[Bf-committers] Verse 2005 Errors
branan at gmail.com
Thu Sep 14 22:41:10 CEST 2006
alright... 32-bit float has a 1-bit sign, 8-bit exponent and 23-bit
OK. the 8-bit exponent gives us a maximum power of 127, since there's
a bias to allow for negative exponents.
The maximum floating point number is normalized, so it's
1.xxxxxxxxxxxxxxxxxxxxxxx, which is a 24-bit number with the first bit
always set. Since we're going for the maximum number, that value is
all ones: 1.11111111111111111111111
That value is 16777215.
Floating point numbers = significand * 2^exponent. In this case, that
should be 1677215 * 2^127. which is showing up as inf because it's
been rounded up.

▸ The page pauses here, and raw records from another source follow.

(* Let $K$ be a compact subset of $M$ and let $U$ be a relatively open subset of $M$ with $K\subset U$. Then there is a compact set $K'$ with $K\subset K'\subset U$ such that $K'$ satisfies the bi-Lipschitz cone condition.
   Context: $\Omega\subset\mathbb{R}^n$ is a bounded, connected open set which, near each boundary point, is equivalent to a half space via a bi-Lipschitz map; $M=\bar\Omega$. Bi-Lipschitz cone condition for compact $K\subset M$: there are $r,\varepsilon>0$ such that for each $x_0\in\partial K$ there is $F:B_r(x_0)\to\mathbb{R}^n$, $F(x_0)=0$, $\varepsilon|x-y|\le|F(x)-F(y)|\le\varepsilon^{-1}|x-y|$, with $F(K\cap B_r(x_0))\supset\{(x_1,x')\in\mathbb{R}\times\mathbb{R}^{n-1}:|x'|<\varepsilon x_1<\varepsilon^2\}$. *)

theory Defs
  imports "HOL-Analysis.Analysis"
begin

definition e1 :: "'a::euclidean_space" where
  "e1 = (SOME b. b \<in> Basis)"

definition first_coord :: "'a::euclidean_space \<Rightarrow> real" where
  "first_coord x = x \<bullet> e1"

definition rest_coords :: "'a::euclidean_space \<Rightarrow> 'a" where
  "rest_coords x = x - (x \<bullet> e1) *\<^sub>R e1"

definition half_space :: "'a::euclidean_space set" where
  "half_space = {x. first_coord x > 0}"

definition bi_lipschitz_on :: "real \<Rightarrow> 'a::metric_space set \<Rightarrow> ('a \<Rightarrow> 'b::metric_space) \<Rightarrow> bool" where
  "bi_lipschitz_on L S F \<longleftrightarrow> L > 0 \<and>
     (\<forall>x\<in>S. \<forall>y\<in>S. dist x y \<le> L * dist (F x) (F y) \<and> dist (F x) (F y) \<le> L * dist x y)"

definition bilip_domain :: "'a::euclidean_space set \<Rightarrow> bool" where
  "bilip_domain \<Omega> \<longleftrightarrow> bounded \<Omega> \<and> connected \<Omega> \<and> open \<Omega> \<and>
     (\<forall>p\<in>frontier \<Omega>. \<exists>V (\<Phi>::'a \<Rightarrow> 'a) L. open V \<and> p \<in> V \<and> bi_lipschitz_on L V \<Phi> \<and>
         open (\<Phi> ` V) \<and> \<Phi> ` (V \<inter> \<Omega>) = \<Phi> ` V \<inter> half_space)"

definition cone_set :: "real \<Rightarrow> 'a::euclidean_space set" where
  "cone_set \<epsilon> = {x. norm (rest_coords x) < \<epsilon> * first_coord x \<and> \<epsilon> * first_coord x < \<epsilon>\<^sup>2}"

text \<open>Bi-Lipschitz cone condition for K (boundary of K taken in R^n).\<close>
definition bilip_cone_condition :: "'a::euclidean_space set \<Rightarrow> bool" where
  "bilip_cone_condition K \<longleftrightarrow> (\<exists>r>0. \<exists>\<epsilon>>0. \<forall>x0\<in>frontier K. \<exists>F::'a \<Rightarrow> 'a.
      F x0 = 0 \<and>
      (\<forall>x\<in>ball x0 r. \<forall>y\<in>ball x0 r.
          \<epsilon> * dist x y \<le> dist (F x) (F y) \<and> dist (F x) (F y) \<le> dist x y / \<epsilon>) \<and>
      cone_set \<epsilon> \<subseteq> F ` (K \<inter> ball x0 r))"

end

theory Submission
  imports Defs
begin

(* Near each point of K the set closure Omega is covered by a compact piece: a closed ball inside
   Omega, or near the boundary the preimage under the bi-Lipschitz chart of a closed half-ball.
   Each piece is the bi-Lipschitz preimage of a compact convex set S containing a ball B, so at a
   boundary point x0 of the piece the image y0 lies outside B, and the convex hull of y0 and B,
   which lies in S, contains a cone with vertex y0 pointing towards B.  Composing the chart with a
   translation and a reflection moves this cone onto the standard cone, with constants that are
   uniform over the piece and scale linearly with the radius.  Finitely many pieces cover K, and
   their union inherits the cone condition with the minima of the constants. *)

text \<open>For \<open>u = 0\<close> the division by zero makes this the identity, so no lemma below needs \<open>u \<noteq> 0\<close>.\<close>
definition hyperplane_reflection :: "'a::real_inner \<Rightarrow> 'a \<Rightarrow> 'a" where
  "hyperplane_reflection u v = v - (2 * (v \<bullet> u) / (u \<bullet> u)) *\<^sub>R u"

lemma linear_hyperplane_reflection: "linear (hyperplane_reflection u)"
  by (rule linearI) (simp_all add: hyperplane_reflection_def algebra_simps add_divide_distrib)

lemma norm_hyperplane_reflection [simp]: "norm (hyperplane_reflection u v) = norm v"
proof (cases "u = 0")
  case False
  define t where "t = 2 * (v \<bullet> u) / (u \<bullet> u)"
  have "(norm (v - t *\<^sub>R u))\<^sup>2 = v \<bullet> v - 2 * t * (v \<bullet> u) + t\<^sup>2 * (u \<bullet> u)"
    unfolding power2_norm_eq_inner by (simp add: inner_commute power2_eq_square algebra_simps)
  also have "\<dots> = (norm v)\<^sup>2"
    using False unfolding power2_norm_eq_inner by (simp add: t_def power2_eq_square field_simps)
  finally show ?thesis
    by (simp add: hyperplane_reflection_def t_def)
qed (simp add: hyperplane_reflection_def)

lemma hyperplane_reflection_involutive [simp]:
  "hyperplane_reflection u (hyperplane_reflection u v) = v"
proof (cases "u = 0")
  case False
  then show ?thesis
    by (simp add: hyperplane_reflection_def inner_diff_left field_simps)
qed (simp add: hyperplane_reflection_def)

lemma hyperplane_reflection_swap:
  assumes "norm a = norm b"
  shows "hyperplane_reflection (a - b) a = b"
proof (cases "a = b")
  case False
  have "a \<bullet> a = b \<bullet> b" using assms by (simp add: dot_square_norm)
  then have "(a - b) \<bullet> (a - b) = 2 * (a \<bullet> (a - b))"
    by (simp add: inner_diff_left inner_diff_right inner_commute)
  moreover have "(a - b) \<bullet> (a - b) \<noteq> 0" using False by simp
  ultimately have coeff: "2 * (a \<bullet> (a - b)) / ((a - b) \<bullet> (a - b)) = 1" by (metis divide_self)
  show ?thesis unfolding hyperplane_reflection_def coeff by simp
qed (simp add: hyperplane_reflection_def)

lemma e1_Basis: "(e1::'a::euclidean_space) \<in> Basis"
  unfolding e1_def by (rule someI_ex) (use nonempty_Basis in blast)

lemma norm_e1 [simp]: "norm (e1::'a::euclidean_space) = 1"
  by (rule norm_Basis[OF e1_Basis])

lemma inner_e1_self [simp]: "(e1::'a::euclidean_space) \<bullet> e1 = 1"
  by (simp add: e1_Basis)

lemma cone_setD:
  assumes "z \<in> cone_set \<epsilon>" "\<epsilon> > 0"
  shows "0 < z \<bullet> e1" "z \<bullet> e1 < \<epsilon>" "norm (z - (z \<bullet> e1) *\<^sub>R e1) < \<epsilon> * (z \<bullet> e1)"
proof -
  have z: "norm (z - (z \<bullet> e1) *\<^sub>R e1) < \<epsilon> * (z \<bullet> e1)" "\<epsilon> * (z \<bullet> e1) < \<epsilon>\<^sup>2"
    using assms(1) by (auto simp: cone_set_def rest_coords_def first_coord_def)
  show "norm (z - (z \<bullet> e1) *\<^sub>R e1) < \<epsilon> * (z \<bullet> e1)" by (fact z(1))
  show "z \<bullet> e1 < \<epsilon>" using z(2) assms(2) by (simp add: power2_eq_square)
  have "0 < \<epsilon> * (z \<bullet> e1)" using z(1) norm_ge_zero by (rule le_less_trans[rotated])
  then show "0 < z \<bullet> e1" using assms(2) by (simp add: zero_less_mult_iff)
qed

lemma norm_less_cone_set:
  assumes "z \<in> cone_set \<epsilon>" "0 < \<epsilon>" "\<epsilon> \<le> 1"
  shows "norm z < 2 * \<epsilon>"
proof -
  note z = cone_setD[OF assms(1,2)]
  have "norm z \<le> norm ((z \<bullet> e1) *\<^sub>R (e1::'a)) + norm (z - (z \<bullet> e1) *\<^sub>R e1)"
    by (rule norm_triangle_sub)
  also have "\<dots> < \<epsilon> + \<epsilon> * (z \<bullet> e1)" using z by simp
  also have "\<epsilon> * (z \<bullet> e1) \<le> \<epsilon>" using z assms(3) by (simp add: mult_le_cancel_left1)
  finally show ?thesis by simp
qed
(* For any full-rank lattice $\mathcal{L} \subset \mathbb{R}^n$, any $s > n/2$ and $q > 0$, \[ \zeta(\mathcal{L}, s+1; q) \geq \frac{s - n/2}{qs} \cdot \zeta(\mathcal{L}, s; q). \]
   Context: For $q>0$ and $s>n/2$, $\zeta(\mathcal{L}, s; q) := \sum_{\vec{y} \in \mathcal{L}} (\|\vec{y}\|^2 + q)^{-s}$, the sum including $\vec y=\vec 0$. *)

theory Defs
  imports "HOL-Analysis.Analysis"
begin

definition lattice_of :: "real^'n^'n \<Rightarrow> (real^'n) set" where
  "lattice_of B = {B *v (\<chi> i. of_int (k $ i)) | k :: int^'n. True}"

definition full_rank_lattice :: "(real^'n) set \<Rightarrow> bool" where
  "full_rank_lattice L \<longleftrightarrow> (\<exists>B. invertible B \<and> L = lattice_of B)"

text \<open>Epstein-type zeta function, sum over all lattice points including 0.\<close>
definition lattice_zeta :: "(real^'n) set \<Rightarrow> real \<Rightarrow> real \<Rightarrow> real" where
  "lattice_zeta L s q = (\<Sum>\<^sub>\<infinity>y\<in>L. ((norm y)\<^sup>2 + q) powr (- s))"

end

theory Submission
  imports Defs "HOL-Probability.Distributions"
begin

text \<open>Let \<open>n = DIM('a)\<close>, \<open>\<Theta>(t) = (\<Sum>y\<in>L. exp (- t |y|^2))\<close> and \<open>a = s - n/2\<close>. Integrating the
  Gamma function termwise gives \<open>\<Gamma>(s) \<zeta>(s) = \<integral> t^(s-1) e^(-qt) \<Theta>(t) dt\<close> over \<open>t > 0\<close>.
  The key fact is that \<open>M(t) = t^(n/2) \<Theta>(t)\<close> is nondecreasing: \<open>\<Theta>(t\<^sub>1)\<close> is a Gaussian average of the
  periodized Gaussian \<open>w \<mapsto> (\<Sum>y\<in>L. exp (- t\<^sub>2 |y + w|^2))\<close>, which is an autocorrelation of an
  \<open>L\<close>-periodic function and hence maximal at \<open>w = 0\<close>, where it equals \<open>\<Theta>(t\<^sub>2)\<close>.
  Finally \<open>a t^(a-1) e^(-qt)\<close> and \<open>q t^a e^(-qt)\<close> have the same integral and their difference
  changes sign only at \<open>t = a/q\<close>, so integrating it against the monotone \<open>M\<close> gives
  \<open>a \<Gamma>(s) \<zeta>(s) \<le> q \<Gamma>(s+1) \<zeta>(s+1) = q s \<Gamma>(s) \<zeta>(s+1)\<close>.
  All integrals and sums are taken in \<open>ennreal\<close>.\<close>

section \<open>Gaussian integrals\<close>

definition gaussian :: "real \<Rightarrow> 'a::real_normed_vector \<Rightarrow> ennreal" where
  "gaussian a v = ennreal (exp (- a * (norm v)\<^sup>2))"
text \<open>Since \<open>s \<mapsto> s powr ((1 + 1/p) / 2)\<close> is concave, the penalty
  \<open>\<mu> / (1 + 1/p) * norm x powr (1 + 1/p)\<close> is majorized by its quadratic tangent at \<open>lstar\<close>,
  so \<open>lstar\<close> also minimizes \<open>g x + d * (norm x)\<^sup>2\<close> for \<open>d = \<mu>/2 * norm lstar powr (1/p - 1)\<close>.
  Minimizers \<open>x\<close> of \<open>g + c * norm\<^sup>2\<close> and \<open>y\<close> of \<open>g + d * norm\<^sup>2\<close> satisfy
  \<open>(c x - d y) \<bullet> (y - x) \<ge> 0\<close> (monotonicity of the subdifferential of \<open>g\<close>), which for
  \<open>0 < c \<le> d\<close> gives \<open>norm y \<le> norm x\<close> and \<open>norm (x - y) \<le> (d/c - 1) * norm y\<close>.
  In the \<open>k\<close>-th step \<open>d/c = R\<^sub>k powr q\<close>, where \<open>R\<^sub>k = norm (lam k) / norm lstar\<close> and
  \<open>q = 1 - 1/p\<close>. Hence \<open>R\<^sub>k \<ge> 1\<close> and \<open>R\<^sub>k\<^sub>+\<^sub>1 \<le> R\<^sub>k powr q\<close>, so \<open>R\<^sub>k \<le> R\<^sub>0 powr q\<^sup>k\<close>;
  the second estimate is Bernoulli's inequality \<open>R powr \<theta> - 1 \<le> \<theta> * (R - 1)\<close>.\<close>

lemma powr_le_tangent_at_1:
  fixes r a :: real
  assumes "0 \<le> r" "0 \<le> a" "a \<le> 1"
  shows "r powr a \<le> 1 + a * (r - 1)"
proof (cases "r = 0")
  case True
  then show ?thesis using assms by simp
next
  case False
  then have "r powr a * 1 powr (1 - a) \<le> a * r + (1 - a) * 1"
    using assms by (intro Youngs_inequality_0) auto
  then show ?thesis by (simp add: algebra_simps)
qed

lemma powr_le_quadratic_tangent:
  fixes u v a :: real
  assumes "0 \<le> u" "0 < v" "0 < a" "a \<le> 2"
  shows "u powr a / a - v powr a / a \<le> v powr (a - 2) / 2 * (u\<^sup>2 - v\<^sup>2)"
proof -
  define r where "r = (u / v)\<^sup>2"
  have "r powr (a / 2) = (u / v) powr a"
    using assms by (simp add: r_def powr_powr flip: powr_numeral)
  also have "\<dots> = u powr a / v powr a"
    using assms by (simp add: powr_divide)
  finally have "u powr a / v powr a \<le> 1 + a / 2 * (r - 1)"
    using powr_le_tangent_at_1[of r "a / 2"] assms by (simp add: r_def)
  then have "u powr a \<le> v powr a + a / 2 * (v powr a * r - v powr a)"
    using assms by (simp add: field_simps)
  moreover have "v powr a * r - v powr a = v powr (a - 2) * (u\<^sup>2 - v\<^sup>2)"
    using assms by (simp add: r_def powr_diff field_simps)
  ultimately have "u powr a \<le> v powr a + a * (v powr (a - 2) / 2 * (u\<^sup>2 - v\<^sup>2))"
    by simp
  then show ?thesis
    using assms by (simp add: field_simps)
qed

lemma is_minimizer_add_majorant:
  fixes g :: "'a \<Rightarrow> ereal" and \<phi> \<psi> :: "'a \<Rightarrow> real"
  assumes "is_minimizer (\<lambda>x. g x + ereal (\<phi> x)) z"
    and "\<And>x. \<phi> x - \<phi> z \<le> \<psi> x - \<psi> z"
  shows "is_minimizer (\<lambda>x. g x + ereal (\<psi> x)) z"
  unfolding is_minimizer_def
proof
  fix x
  have "g z + ereal (\<phi> z) \<le> g x + ereal (\<phi> x)"
    using assms(1) by (simp add: is_minimizer_def)
  then have "g z + ereal (\<phi> z) + ereal (\<psi> z - \<phi> z) \<le> g x + ereal (\<phi> x) + ereal (\<psi> z - \<phi> z)"
    by (rule add_right_mono)
  also have "\<dots> \<le> g x + ereal (\<psi> x)"
    using assms(2)[of x] by (cases "g x") auto
  finally show "g z + ereal (\<psi> z) \<le> g x + ereal (\<psi> x)"
    by (cases "g z") auto
qed

lemma is_minimizer_norm_powr_imp_quadratic:
  fixes g :: "'a::real_normed_vector \<Rightarrow> ereal"
  assumes "0 < a" "a \<le> 2" "0 \<le> \<mu>" "z \<noteq> 0"
    and "is_minimizer (\<lambda>x. g x + ereal (\<mu> / a * norm x powr a)) z"
  shows "is_minimizer (\<lambda>x. g x + ereal (\<mu> / 2 * norm z powr (a - 2) * (norm x)\<^sup>2)) z"
proof (rule is_minimizer_add_majorant[OF assms(5)])
  fix x
  have "norm x powr a / a - norm z powr a / a \<le> norm z powr (a - 2) / 2 * ((norm x)\<^sup>2 - (norm z)\<^sup>2)"
    using assms by (intro powr_le_quadratic_tangent) auto
  from mult_left_mono[OF this assms(3)]
  show "\<mu> / a * norm x powr a - \<mu> / a * norm z powr a
    \<le> \<mu> / 2 * norm z powr (a - 2) * (norm x)\<^sup>2 - \<mu> / 2 * norm z powr (a - 2) * (norm z)\<^sup>2"
    by (simp add: algebra_simps)
qed

lemma ext_convex_finite_value:
  assumes "ext_convex g" "g x \<noteq> \<infinity>"
  obtains r where "g x = ereal r"
  using assms by (cases "g x") (auto simp: ext_convex_def)

lemma quadratic_minimizer_subgradient:
  fixes g :: "'a::real_inner \<Rightarrow> ereal"
  assumes cvx: "ext_convex g"
    and min: "is_minimizer (\<lambda>x. g x + ereal (c * (norm x)\<^sup>2)) x"
  shows "g x \<le> g y + ereal (2 * c * (x \<bullet> (y - x)))"
proof (cases "g y = \<infinity>")
  case True
  then show ?thesis by simp
next
  case False
  then obtain gy where gy: "g y = ereal gy"
    by (rule ext_convex_finite_value[OF cvx])
  have "g x + ereal (c * (norm x)\<^sup>2) \<le> g y + ereal (c * (norm y)\<^sup>2)"
    using min by (simp add: is_minimizer_def)
  then have "g x \<noteq> \<infinity>"
    using gy by auto
  then obtain gx where gx: "g x = ereal gx"
    by (rule ext_convex_finite_value[OF cvx])
  let ?A = "gy + 2 * c * (x \<bullet> (y - x))" and ?K = "c * (norm (y - x))\<^sup>2"
  have "gx \<le> ?A + s * ?K" if s: "0 < s" "s < 1" for s
  proof -
    define z where "z = (1 - s) *\<^sub>R x + s *\<^sub>R y"
    have "g z \<le> ereal (1 - s) * g x + ereal s * g y"
      using cvx s by (simp add: ext_convex_def z_def)
    moreover have "g z \<noteq> -\<infinity>"
      using cvx by (simp add: ext_convex_def)
    ultimately obtain gz where gz: "g z = ereal gz" "gz \<le> (1 - s) * gx + s * gy"
      using gx gy by (cases "g z") auto
    have norm_z: "(norm z)\<^sup>2 = (norm x)\<^sup>2 + 2 * s * (x \<bullet> (y - x)) + s\<^sup>2 * (norm (y - x))\<^sup>2"
      unfolding z_def power2_norm_eq_inner
      by (simp add: inner_diff_left inner_diff_right algebra_simps power2_eq_square inner_commute)
    have "g x + ereal (c * (norm x)\<^sup>2) \<le> g z + ereal (c * (norm z)\<^sup>2)"
      using min by (simp add: is_minimizer_def)
    then have "gx + c * (norm x)\<^sup>2 \<le> gz + c * (norm z)\<^sup>2"
      using gx gz by simp
    moreover have "c * (norm z)\<^sup>2 = c * (norm x)\<^sup>2 + s * (2 * c * (x \<bullet> (y - x))) + s * (s * ?K)"
      unfolding norm_z by (simp add: algebra_simps power2_eq_square)
    ultimately have "s * gx \<le> s * (?A + s * ?K)"
      using gz(2) by (simp add: algebra_simps)
    then show ?thesis
      using s by simp
  qed
  then have "gx \<le> ?A"
  proof (intro tendsto_lowerbound)
    show "((\<lambda>s. ?A + s * ?K) \<longlongrightarrow> ?A) (at_right 0)"
      by (auto intro!: tendsto_eq_intros)
  qed (auto simp: eventually_at_right_field intro!: exI[of _ 1])
  then show ?thesis
    using gx gy by simp
qed

lemma quadratic_minimizers_monotone:
  fixes g :: "'a::real_inner \<Rightarrow> ereal"
  assumes cvx: "ext_convex g" and "g y \<noteq> \<infinity>"
    and "is_minimizer (\<lambda>x. g x + ereal (c * (norm x)\<^sup>2)) x"
    and "is_minimizer (\<lambda>x. g x + ereal (d * (norm x)\<^sup>2)) y"
  shows "0 \<le> (c *\<^sub>R x - d *\<^sub>R y) \<bullet> (y - x)"
proof -
  obtain gy where gy: "g y = ereal gy"
    by (rule ext_convex_finite_value[OF cvx \<open>g y \<noteq> \<infinity>\<close>])
  have x_sub: "g x \<le> g y + ereal (2 * c * (x \<bullet> (y - x)))"
    using quadratic_minimizer_subgradient[OF cvx assms(3)] .
  have y_sub: "g y \<le> g x + ereal (2 * d * (y \<bullet> (x - y)))"
    using quadratic_minimizer_subgradient[OF cvx assms(4)] .
  have "g x \<noteq> \<infinity>"
    using x_sub gy by auto
  then obtain gx where gx: "g x = ereal gx"
    by (rule ext_convex_finite_value[OF cvx])
  have "0 \<le> 2 * c * (x \<bullet> (y - x)) + 2 * d * (y \<bullet> (x - y))"
    using x_sub y_sub gx gy by simp
  also have "\<dots> = 2 * ((c *\<^sub>R x - d *\<^sub>R y) \<bullet> (y - x))"
    by (simp add: inner_diff_left inner_diff_right algebra_simps)
  finally show ?thesis
    by simp
qed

Try changing that last 2 to a 1, and see what
On 9/14/06, Emil Brink <emil at obsession.se> wrote:
> Branan Riley wrote:
> > 16,777,215 * 2^127.
> Hm ... I don't think that is the correct interpretation of the bit pattern
> as a float.
> > Running that through Kcalc, I get 2.854495215270736302e+45. I'd do it out
> > by hand to get an exact number, but that's a 152-bit number, so I'm not
> > going to even think about it. If someone wants to run that through, and
> > see what comes up for the binary representation, that would be nifty.
> Okay ... I think you lost me, though. I'm expecting the float literal
> to have a decimal exponent of +38, that part has never been in doubt.
> If the proper value has an exponent of +45, I'd be ... very surprised.
> A quick test with the above value:
> ~> gcc -x c -
> #include <stdio.h>
> int main(void)
> float a = 2.854495215270736302e+45;
> printf("a=%g\n", a);
> return 0;
> ~> ./a.out
> Seems to show that you've lost not only me, but the C compiler as well.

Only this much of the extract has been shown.